*Work item*. Starting at the top of the data and ending with the line that holds "X \<bullet> \<eta> \<omega>) \<in>", transcribe each line exactly; include both ends.

(Dataset entries)
lemma (in prob_space) prob_all_abs_inner_columns_le:
  fixes X :: "real ^ 'p ^ 'n" and \<eta> :: "'a \<Rightarrow> real ^ 'n"
  assumes indep: "indep_vars (\<lambda>_. borel) (\<lambda>r \<omega>. \<eta> \<omega> $ r) UNIV"
    and normal: "\<forall>r. distributed M lborel (\<lambda>\<omega>. \<eta> \<omega> $ r) (normal_density 0 \<sigma>)"
    and \<sigma>: "\<sigma> > 0" and unit: "\<forall>i. norm (column i X) = 1" and t: "t > 0"
  shows "measure M {\<omega> \<in> space M. \<forall>i. \<bar>column i X \<bullet> \<eta> \<omega>\<bar> \<le> t}
      \<ge> 1 - real CARD('p) * (2 * (\<sigma>\<^sup>2 * normal_density 0 \<sigma> t / t))"
proof -
  have Y: "distributed M lborel (\<lambda>\<omega>. column i X \<bullet> \<eta> \<omega>) (normal_density 0 \<sigma>)" for i
    using distributed_inner_indep_normal[OF indep normal \<sigma>] unit by blast
  have [measurable]: "(\<lambda>\<omega>. column i X \<bullet> \<eta> \<omega>) \<in> borel_measurable M" for i
    using distributed_measurable[OF Y] by simp
  define F where "F i = {\<omega> \<in> space M. \<bar>column i X \<bullet> \<eta> \<omega>\<bar> > t}" for i
  have F_sets: "F i \<in> sets M" for i unfolding F_def by measurable
  have "measure M (\<Union>i. F i) \<le> (\<Sum>i\<in>UNIV. measure M (F i))"
    by (rule measure_UNION_le) (auto simp: F_sets)
  also have "\<dots> \<le> real CARD('p) * (2 * (\<sigma>\<^sup>2 * normal_density 0 \<sigma> t / t))"
    using prob_abs_normal_greater_le[OF Y \<sigma> t] by (intro sum_bounded_above) (simp add: F_def)
  moreover have "{\<omega> \<in> space M. \<forall>i. \<bar>column i X \<bullet> \<eta> \<omega>\<bar> \<le> t} = space M - (\<Union>i. F i)"
    by (auto simp: F_def not_less) (meson linorder_not_le)
  moreover have "(\<Union>i. F i) \<in> sets M" using F_sets by auto
  ultimately show ?thesis by (simp add: prob_compl)
qed

lemma normal_tail_bound_at_twice_sqrt_log:
  fixes \<sigma> p :: real
  assumes \<sigma>: "\<sigma> > 0" and p: "p > 1"
  shows "2 * (\<sigma>\<^sup>2 * normal_density 0 \<sigma> (2 * sqrt (\<sigma>\<^sup>2 * ln p)) / (2 * sqrt (\<sigma>\<^sup>2 * ln p)))
       = 1 / (p\<^sup>2 * sqrt (2 * pi * ln p))"
proof -
  define L where "L = ln p"
  have L: "L > 0" using p by (simp add: L_def)
  have t: "2 * sqrt (\<sigma>\<^sup>2 * L) = 2 * \<sigma> * sqrt L"
    using \<sigma> by (simp add: real_sqrt_mult)
  have "exp (- (2 * \<sigma> * sqrt L - 0)\<^sup>2 / (2 * \<sigma>\<^sup>2)) = inverse (exp (L + L))"
    using \<sigma> L by (simp add: power_mult_distrib exp_minus)
  also have "\<dots> = 1 / p\<^sup>2"
    using p unfolding L_def exp_add by (simp add: power2_eq_square inverse_eq_divide)
  finally have density: "normal_density 0 \<sigma> (2 * \<sigma> * sqrt L) = 1 / (sqrt (2 * pi) * \<sigma> * p\<^sup>2)"
    using \<sigma> by (simp add: normal_density_def real_sqrt_mult)
  show ?thesis
    unfolding L_def[symmetric] t density using \<sigma> L p by (simp add: real_sqrt_mult field_simps power2_eq_square)
qed

lemma (in prob_space) prob_all_abs_inner_columns_le_twice_sqrt_log:
  fixes X :: "real ^ 'p ^ 'n" and \<eta> :: "'a \<Rightarrow> real ^ 'n"
  assumes indep: "indep_vars (\<lambda>_. borel) (\<lambda>r \<omega>. \<eta> \<omega> $ r) UNIV"
    and normal: "\<forall>r. distributed M lborel (\<lambda>\<omega>. \<eta> \<omega> $ r) (normal_density 0 \<sigma>)"
    and \<sigma>: "\<sigma> > 0" and unit: "\<forall>i. norm (column i X) = 1" and p: "CARD('p) > 1"
  shows "measure M {\<omega> \<in> space M. \<forall>i. \<bar>column i X \<bullet> \<eta> \<omega>\<bar> \<le> 2 * sqrt (\<sigma>\<^sup>2 * ln (real CARD('p)))}
      \<ge> 1 - 1 / (real CARD('p) * sqrt (2 * pi * ln (real CARD('p))))"
proof -
  let ?p = "real CARD('p)"
  define t where "t = 2 * sqrt (\<sigma>\<^sup>2 * ln ?p)"
  from p have p: "?p > 1" by simp
  then have "t > 0" using \<sigma> by (simp add: t_def)
  then have "measure M {\<omega> \<in> space M. \<forall>i. \<bar>column i X \<bullet> \<eta> \<omega>\<bar> \<le> t}
      \<ge> 1 - ?p * (2 * (\<sigma>\<^sup>2 * normal_density 0 \<sigma> t / t))"
    by (rule prob_all_abs_inner_columns_le[OF indep normal \<sigma> unit])
  also have "?p * (2 * (\<sigma>\<^sup>2 * normal_density 0 \<sigma> t / t)) = 1 / (?p * sqrt (2 * pi * ln ?p))"
    unfolding t_def normal_tail_bound_at_twice_sqrt_log[OF \<sigma> p] using p
    by (simp add: power2_eq_square)
  finally show ?thesis unfolding t_def .
qed
lemma N_ext_le_suminf_indicator:
  assumes "\<And>n. Zproc U V Z0 n \<noteq> {} \<Longrightarrow> x \<in> C n"
  shows "N_ext U V Z0 \<le> (\<Sum>n. indicator (C n) x)"
proof (cases "dies_out U V Z0")
  case True
  define L where "L = (LEAST n. Zproc U V Z0 n = {})"
  have "x \<in> C n" if "n < L" for n
    using not_less_Least[of n "\<lambda>n. Zproc U V Z0 n = {}"] assms that unfolding L_def by blast
  then have "(\<Sum>n<L. indicator (C n) x :: ennreal) = of_nat L" by simp
  moreover have "(\<Sum>n<L. indicator (C n) x :: ennreal) \<le> (\<Sum>n. indicator (C n) x)"
    by (intro sum_le_suminf) auto
  ultimately show ?thesis
    using True unfolding N_ext_def L_def[symmetric] by (simp add: ennreal_of_nat_eq_real_of_nat)
next
  case False
  then have "x \<in> C n" for n using assms unfolding dies_out_def by blast
  then have "(\<Sum>n. indicator (C n) x) = (\<Sum>n. ennreal 1)" by simp
  also have "\<dots> = top" by (rule summable_iff_suminf_neq_top) (auto simp: summable_const_iff)
  finally show ?thesis by simp
qed

lemma summable_min_one_half_power:
  "0 \<le> c \<Longrightarrow> summable (\<lambda>n. min 1 (c * (1/2 :: real) ^ n))"
  by (rule summable_comparison_test'[of "\<lambda>n. c * (1/2) ^ n" 0])
     (auto intro!: summable_mult summable_geometric)

lemma suminf_min_one_half_power_le:
  assumes "1 \<le> (c::real)"
  shows "(\<Sum>n. min 1 (c * (1/2) ^ n)) \<le> 1 / ln 2 * ln c + 3"
proof -
  define f where "f n = min 1 (c * (1/2::real) ^ n)" for n
  define L where "L = nat \<lceil>log 2 c\<rceil>"
  have log_c: "0 \<le> log 2 c" using assms by simp
  have "c = 2 powr (log 2 c)" using assms by simp
  also have "\<dots> \<le> 2 powr (real L)" unfolding L_def by (intro powr_mono real_nat_ceiling_ge) auto
  finally have c_le: "c \<le> 2 ^ L" by (simp add: powr_realpow)
  have "f (n + L) \<le> (1/2) ^ n" for n
  proof -
    have "f (n + L) \<le> (c / 2 ^ L) * (1/2) ^ n" unfolding f_def by (simp add: power_add field_simps)
    also have "\<dots> \<le> (1/2) ^ n" using assms c_le by (intro mult_left_le_one_le) auto
    finally show ?thesis .
  qed
  then have "(\<Sum>n. f (n + L)) \<le> (\<Sum>n. (1/2::real) ^ n)"
    using summable_min_one_half_power assms
    by (intro suminf_le) (auto intro!: summable_ignore_initial_segment simp: f_def)
  also have "\<dots> = 2" using suminf_geometric[of "1/2::real"] by simp
  finally have tail: "(\<Sum>n. f (n + L)) \<le> 2" .
  have head: "sum f {..<L} \<le> real L" using sum_bounded_above[of "{..<L}" f 1] by (simp add: f_def)
  have "suminf f = (\<Sum>n. f (n + L)) + sum f {..<L}"
    using summable_min_one_half_power assms unfolding f_def by (intro suminf_split_initial_segment) simp
  moreover have "real L \<le> log 2 c + 1" unfolding L_def using log_c by linarith
  ultimately show ?thesis using tail head unfolding f_def by (simp add: log_def)
qed

lemma nn_integral_N_ext_le:
  assumes "0 < e" "e < 1" "9 * e + 6 * e / (1 - e) \<le> 1/2" "finite Z0" "Z0 \<noteq> {}"
  shows "(\<integral>\<^sup>+ \<omega>. N_ext (Uof \<omega>) (Vof \<omega>) Z0 \<partial>bern_space e) \<le> ennreal (1 / ln 2 * ln (card Z0) + 3)"
proof -
  let ?M = "bern_space e"
  interpret prob_space ?M by (rule prob_space_bern_space)
  define C where "C n = (\<Union>k\<in>Z0. climb_event e {} n k 0)" for n
  define f where "f n = min 1 (card Z0 * (1/2::real) ^ n)" for n
  have C_sets: "C n \<in> events" for n
    unfolding C_def using assms(4) by (auto intro!: sets.finite_UN climb_event_sets)
  have C_le: "measure ?M (C n) \<le> f n" for n
  proof -
    have "measure ?M (C n) \<le> card Z0 * (9 * e + 6 * e / (1 - e)) ^ n"
      unfolding C_def by (rule measure_UN_climb_event_le[OF assms(1,2,4)])
    also have "\<dots> \<le> card Z0 * (1/2) ^ n"
      using assms(1-3) by (intro mult_left_mono power_mono) auto
    finally show ?thesis unfolding f_def by simp
  qed
  have "(\<integral>\<^sup>+ \<omega>. N_ext (Uof \<omega>) (Vof \<omega>) Z0 \<partial>?M) \<le> (\<integral>\<^sup>+ \<omega>. (\<Sum>n. indicator (C n) \<omega>) \<partial>?M)"
    using Zproc_nonempty_imp_climb_event unfolding C_def
    by (intro nn_integral_mono N_ext_le_suminf_indicator) blast
  also have "\<dots> = (\<Sum>n. ennreal (measure ?M (C n)))"
    using C_sets by (simp add: nn_integral_suminf emeasure_eq_measure)
  also have "\<dots> \<le> (\<Sum>n. ennreal (f n))" using C_le by (intro suminf_le ennreal_leI) auto
  also have "\<dots> = ennreal (\<Sum>n. f n)"
    using summable_min_one_half_power unfolding f_def by (intro suminf_ennreal2) auto
  also have "\<dots> \<le> ennreal (1 / ln 2 * ln (card Z0) + 3)"
    using suminf_min_one_half_power_le[of "card Z0"] assms(4,5)
    unfolding f_def by (intro ennreal_leI) (simp add: Suc_le_eq card_gt_0_iff)
  finally show ?thesis .
qed

theorem lemma2:
  shows "\<exists>\<epsilon>0 > 0. \<forall>\<epsilon>. 0 < \<epsilon> \<and> \<epsilon> \<le> \<epsilon>0 \<longrightarrow>
     (\<forall>Z0 :: int set. finite Z0 \<longrightarrow>
        (AE \<omega> in bern_space \<epsilon>. dies_out (Uof \<omega>) (Vof \<omega>) Z0)) \<and>
     (\<exists>\<beta>0 > 0. \<exists>\<beta>1 > 0. \<forall>Z0 :: int set. finite Z0 \<and> Z0 \<noteq> {} \<longrightarrow>
        (\<integral>\<^sup>+ \<omega>. N_ext (Uof \<omega>) (Vof \<omega>) Z0 \<partial>bern_space \<epsilon>)
          \<le> ennreal (\<beta>0 * ln (real (card Z0)) + \<beta>1))"
proof (rule exI[of _ "1/40 :: real"], intro conjI allI impI)
  fix e :: real assume "0 < e \<and> e \<le> 1/40"
  then have e: "0 < e" "e < 1" and rate: "9 * e + 6 * e / (1 - e) \<le> 1/2"
    using climb_rate_le_half by auto
  show "AE \<omega> in bern_space e. dies_out (Uof \<omega>) (Vof \<omega>) Z0" if "finite Z0" for Z0
    using AE_dies_out[OF e _ that] rate by simp
  have "\<forall>Z0 :: int set. finite Z0 \<and> Z0 \<noteq> {} \<longrightarrow>
      (\<integral>\<^sup>+ \<omega>. N_ext (Uof \<omega>) (Vof \<omega>) Z0 \<partial>bern_space e) \<le> ennreal (1 / ln 2 * ln (real (card Z0)) + 3)"
    using nn_integral_N_ext_le[OF e rate] by simp
  moreover have "0 < 1 / ln (2::real)" "0 < (3::real)" by simp_all
  ultimately show "\<exists>\<beta>0 > 0. \<exists>\<beta>1 > 0. \<forall>Z0 :: int set. finite Z0 \<and> Z0 \<noteq> {} \<longrightarrow>
      (\<integral>\<^sup>+ \<omega>. N_ext (Uof \<omega>) (Vof \<omega>) Z0 \<partial>bern_space e) \<le> ennreal (\<beta>0 * ln (real (card Z0)) + \<beta>1)"
    by blast
qed simp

*Output of the exercise*.
lemma (in prob_space) prob_all_abs_inner_columns_le:
  fixes X :: "real ^ 'p ^ 'n" and \<eta> :: "'a \<Rightarrow> real ^ 'n"
  assumes indep: "indep_vars (\<lambda>_. borel) (\<lambda>r \<omega>. \<eta> \<omega> $ r) UNIV"
    and normal: "\<forall>r. distributed M lborel (\<lambda>\<omega>. \<eta> \<omega> $ r) (normal_density 0 \<sigma>)"
    and \<sigma>: "\<sigma> > 0" and unit: "\<forall>i. norm (column i X) = 1" and t: "t > 0"
  shows "measure M {\<omega> \<in> space M. \<forall>i. \<bar>column i X \<bullet> \<eta> \<omega>\<bar> \<le> t}
      \<ge> 1 - real CARD('p) * (2 * (\<sigma>\<^sup>2 * normal_density 0 \<sigma> t / t))"
proof -
  have Y: "distributed M lborel (\<lambda>\<omega>. column i X \<bullet> \<eta> \<omega>) (normal_density 0 \<sigma>)" for i
    using distributed_inner_indep_normal[OF indep normal \<sigma>] unit by blast
  have [measurable]: "(\<lambda>\<omega>. column i X \<bullet> \<eta> \<omega>) \<in> borel_measurable M" for i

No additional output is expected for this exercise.